▼▼▼
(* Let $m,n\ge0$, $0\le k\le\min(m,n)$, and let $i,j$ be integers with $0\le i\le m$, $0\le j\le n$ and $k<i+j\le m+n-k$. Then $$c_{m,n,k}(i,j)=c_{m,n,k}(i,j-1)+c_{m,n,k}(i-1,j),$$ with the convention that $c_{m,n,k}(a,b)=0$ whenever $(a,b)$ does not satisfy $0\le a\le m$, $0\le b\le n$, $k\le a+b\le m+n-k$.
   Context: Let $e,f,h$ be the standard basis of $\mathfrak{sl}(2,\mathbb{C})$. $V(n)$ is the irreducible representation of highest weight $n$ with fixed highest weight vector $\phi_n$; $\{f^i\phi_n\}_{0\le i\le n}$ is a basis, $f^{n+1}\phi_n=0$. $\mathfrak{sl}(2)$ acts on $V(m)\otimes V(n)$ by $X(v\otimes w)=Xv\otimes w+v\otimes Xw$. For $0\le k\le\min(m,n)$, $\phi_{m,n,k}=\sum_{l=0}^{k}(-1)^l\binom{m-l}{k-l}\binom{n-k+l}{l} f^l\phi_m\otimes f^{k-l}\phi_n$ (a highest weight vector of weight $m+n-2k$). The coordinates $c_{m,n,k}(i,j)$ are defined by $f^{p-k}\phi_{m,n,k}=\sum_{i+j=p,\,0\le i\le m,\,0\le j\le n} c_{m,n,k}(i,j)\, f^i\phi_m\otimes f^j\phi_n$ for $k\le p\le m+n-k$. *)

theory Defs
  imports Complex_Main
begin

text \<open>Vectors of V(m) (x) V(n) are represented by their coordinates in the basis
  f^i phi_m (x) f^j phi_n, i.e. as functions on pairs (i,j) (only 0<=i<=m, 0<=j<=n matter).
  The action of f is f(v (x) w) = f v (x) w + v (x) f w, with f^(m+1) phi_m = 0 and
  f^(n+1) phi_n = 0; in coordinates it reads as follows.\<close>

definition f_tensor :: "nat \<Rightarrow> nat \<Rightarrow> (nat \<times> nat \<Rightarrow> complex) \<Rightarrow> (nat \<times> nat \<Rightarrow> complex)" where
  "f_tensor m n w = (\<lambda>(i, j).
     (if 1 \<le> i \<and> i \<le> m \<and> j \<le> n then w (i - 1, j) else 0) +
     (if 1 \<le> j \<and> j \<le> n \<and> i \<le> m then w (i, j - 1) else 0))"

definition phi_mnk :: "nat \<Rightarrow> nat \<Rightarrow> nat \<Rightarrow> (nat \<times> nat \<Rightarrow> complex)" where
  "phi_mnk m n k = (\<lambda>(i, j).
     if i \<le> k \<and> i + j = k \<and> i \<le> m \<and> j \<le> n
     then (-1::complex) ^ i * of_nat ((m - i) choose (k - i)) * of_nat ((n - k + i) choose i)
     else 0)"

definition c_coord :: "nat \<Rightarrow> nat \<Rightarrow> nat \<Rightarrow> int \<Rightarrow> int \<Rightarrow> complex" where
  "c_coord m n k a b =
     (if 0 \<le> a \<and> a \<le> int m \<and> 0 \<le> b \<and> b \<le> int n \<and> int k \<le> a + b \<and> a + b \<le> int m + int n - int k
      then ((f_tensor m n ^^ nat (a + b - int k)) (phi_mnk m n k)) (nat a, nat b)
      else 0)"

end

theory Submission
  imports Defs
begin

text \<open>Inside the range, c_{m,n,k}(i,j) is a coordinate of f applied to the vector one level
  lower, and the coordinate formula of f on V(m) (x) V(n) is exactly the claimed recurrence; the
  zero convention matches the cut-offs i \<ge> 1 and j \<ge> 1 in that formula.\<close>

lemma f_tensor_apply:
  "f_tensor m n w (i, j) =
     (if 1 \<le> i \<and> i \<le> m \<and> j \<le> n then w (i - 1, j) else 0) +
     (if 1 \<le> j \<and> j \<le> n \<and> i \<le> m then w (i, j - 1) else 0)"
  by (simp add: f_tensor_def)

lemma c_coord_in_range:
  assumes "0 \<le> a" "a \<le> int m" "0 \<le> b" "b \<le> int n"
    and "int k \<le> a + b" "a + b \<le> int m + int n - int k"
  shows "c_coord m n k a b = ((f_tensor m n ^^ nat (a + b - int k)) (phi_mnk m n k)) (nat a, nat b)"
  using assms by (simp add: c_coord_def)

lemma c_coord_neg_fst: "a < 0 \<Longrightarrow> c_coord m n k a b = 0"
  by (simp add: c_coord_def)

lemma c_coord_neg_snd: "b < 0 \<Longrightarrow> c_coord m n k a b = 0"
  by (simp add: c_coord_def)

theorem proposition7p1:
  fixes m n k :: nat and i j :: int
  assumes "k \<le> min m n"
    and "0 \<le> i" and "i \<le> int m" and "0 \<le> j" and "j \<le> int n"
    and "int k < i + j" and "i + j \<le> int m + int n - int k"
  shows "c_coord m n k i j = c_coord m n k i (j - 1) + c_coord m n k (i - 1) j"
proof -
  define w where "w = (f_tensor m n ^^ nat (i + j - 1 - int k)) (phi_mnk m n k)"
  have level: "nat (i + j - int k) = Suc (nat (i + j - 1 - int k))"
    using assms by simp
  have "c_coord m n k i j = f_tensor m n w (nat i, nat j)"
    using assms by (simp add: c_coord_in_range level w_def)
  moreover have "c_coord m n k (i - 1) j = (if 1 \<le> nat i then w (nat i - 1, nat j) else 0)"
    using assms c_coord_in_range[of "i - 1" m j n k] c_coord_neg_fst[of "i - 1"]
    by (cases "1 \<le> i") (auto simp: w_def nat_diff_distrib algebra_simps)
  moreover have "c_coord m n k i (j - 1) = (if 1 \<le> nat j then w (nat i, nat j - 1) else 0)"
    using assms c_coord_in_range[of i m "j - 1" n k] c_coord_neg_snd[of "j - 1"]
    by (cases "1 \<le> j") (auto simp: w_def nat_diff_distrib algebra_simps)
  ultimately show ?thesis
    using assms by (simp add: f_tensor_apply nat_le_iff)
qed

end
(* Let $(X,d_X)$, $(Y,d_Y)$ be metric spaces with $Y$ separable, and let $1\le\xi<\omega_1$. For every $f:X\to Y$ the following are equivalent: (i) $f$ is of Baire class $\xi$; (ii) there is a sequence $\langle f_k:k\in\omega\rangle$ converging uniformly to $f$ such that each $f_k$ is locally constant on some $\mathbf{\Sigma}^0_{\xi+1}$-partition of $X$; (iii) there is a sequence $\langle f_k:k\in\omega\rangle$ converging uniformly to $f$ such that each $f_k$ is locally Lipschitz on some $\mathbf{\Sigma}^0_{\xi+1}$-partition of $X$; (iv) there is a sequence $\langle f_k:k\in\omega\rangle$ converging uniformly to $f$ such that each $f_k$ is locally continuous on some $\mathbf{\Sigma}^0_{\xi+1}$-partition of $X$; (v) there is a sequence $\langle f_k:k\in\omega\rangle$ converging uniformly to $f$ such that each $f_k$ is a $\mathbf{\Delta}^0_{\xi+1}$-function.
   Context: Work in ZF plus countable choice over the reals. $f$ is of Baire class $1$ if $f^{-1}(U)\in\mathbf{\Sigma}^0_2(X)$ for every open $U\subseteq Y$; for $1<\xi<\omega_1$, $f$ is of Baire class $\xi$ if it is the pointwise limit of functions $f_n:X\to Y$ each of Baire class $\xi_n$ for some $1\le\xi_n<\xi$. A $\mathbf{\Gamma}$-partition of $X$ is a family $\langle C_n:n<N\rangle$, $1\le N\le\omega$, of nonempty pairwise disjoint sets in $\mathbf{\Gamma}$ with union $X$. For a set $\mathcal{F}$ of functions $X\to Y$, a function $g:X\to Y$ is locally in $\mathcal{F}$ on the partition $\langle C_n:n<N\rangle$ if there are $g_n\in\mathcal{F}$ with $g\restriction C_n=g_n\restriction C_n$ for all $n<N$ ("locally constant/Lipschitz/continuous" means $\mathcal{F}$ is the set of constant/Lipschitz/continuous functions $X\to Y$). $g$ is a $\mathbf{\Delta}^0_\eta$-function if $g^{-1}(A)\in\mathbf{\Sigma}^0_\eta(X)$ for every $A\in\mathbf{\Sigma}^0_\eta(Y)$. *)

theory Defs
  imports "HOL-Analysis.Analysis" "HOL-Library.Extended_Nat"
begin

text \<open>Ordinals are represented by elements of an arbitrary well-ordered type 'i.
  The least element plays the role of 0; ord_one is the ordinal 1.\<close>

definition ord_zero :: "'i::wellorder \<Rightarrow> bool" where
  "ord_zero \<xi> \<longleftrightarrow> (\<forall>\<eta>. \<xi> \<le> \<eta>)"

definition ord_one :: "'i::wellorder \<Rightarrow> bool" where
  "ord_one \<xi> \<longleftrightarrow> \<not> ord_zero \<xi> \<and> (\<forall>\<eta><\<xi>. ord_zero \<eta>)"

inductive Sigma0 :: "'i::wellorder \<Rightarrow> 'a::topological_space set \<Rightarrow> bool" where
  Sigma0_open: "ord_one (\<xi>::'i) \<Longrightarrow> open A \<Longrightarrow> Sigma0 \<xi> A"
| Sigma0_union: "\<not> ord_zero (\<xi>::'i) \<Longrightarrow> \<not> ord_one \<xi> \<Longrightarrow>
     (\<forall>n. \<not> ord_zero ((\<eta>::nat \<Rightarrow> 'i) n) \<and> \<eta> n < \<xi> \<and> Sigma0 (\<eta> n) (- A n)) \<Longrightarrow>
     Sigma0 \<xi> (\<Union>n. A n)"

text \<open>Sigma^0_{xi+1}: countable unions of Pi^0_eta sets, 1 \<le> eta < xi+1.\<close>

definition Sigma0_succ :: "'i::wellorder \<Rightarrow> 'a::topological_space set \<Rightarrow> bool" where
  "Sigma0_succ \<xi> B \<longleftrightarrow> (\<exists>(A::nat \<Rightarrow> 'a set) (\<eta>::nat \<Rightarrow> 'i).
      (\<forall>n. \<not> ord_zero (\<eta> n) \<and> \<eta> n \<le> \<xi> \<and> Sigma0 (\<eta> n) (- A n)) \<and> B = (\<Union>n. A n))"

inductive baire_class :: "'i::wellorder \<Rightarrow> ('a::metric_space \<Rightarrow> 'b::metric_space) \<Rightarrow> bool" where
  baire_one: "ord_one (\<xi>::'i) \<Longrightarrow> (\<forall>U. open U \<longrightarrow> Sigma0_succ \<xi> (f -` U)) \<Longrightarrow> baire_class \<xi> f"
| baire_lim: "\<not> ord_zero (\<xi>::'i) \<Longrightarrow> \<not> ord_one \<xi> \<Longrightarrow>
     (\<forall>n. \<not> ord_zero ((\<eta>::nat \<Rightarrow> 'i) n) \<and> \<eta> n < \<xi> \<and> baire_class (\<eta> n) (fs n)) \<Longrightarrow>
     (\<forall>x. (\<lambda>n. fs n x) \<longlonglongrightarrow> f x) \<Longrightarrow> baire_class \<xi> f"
▲▲▲
## Description of the task
For every line of the data above that contains "inductive", copy that line.

## Problem solution
inductive Sigma0 :: "'i::wellorder \<Rightarrow> 'a::topological_space set \<Rightarrow> bool" where
inductive baire_class :: "'i::wellorder \<Rightarrow> ('a::metric_space \<Rightarrow> 'b::metric_space) \<Rightarrow> bool" where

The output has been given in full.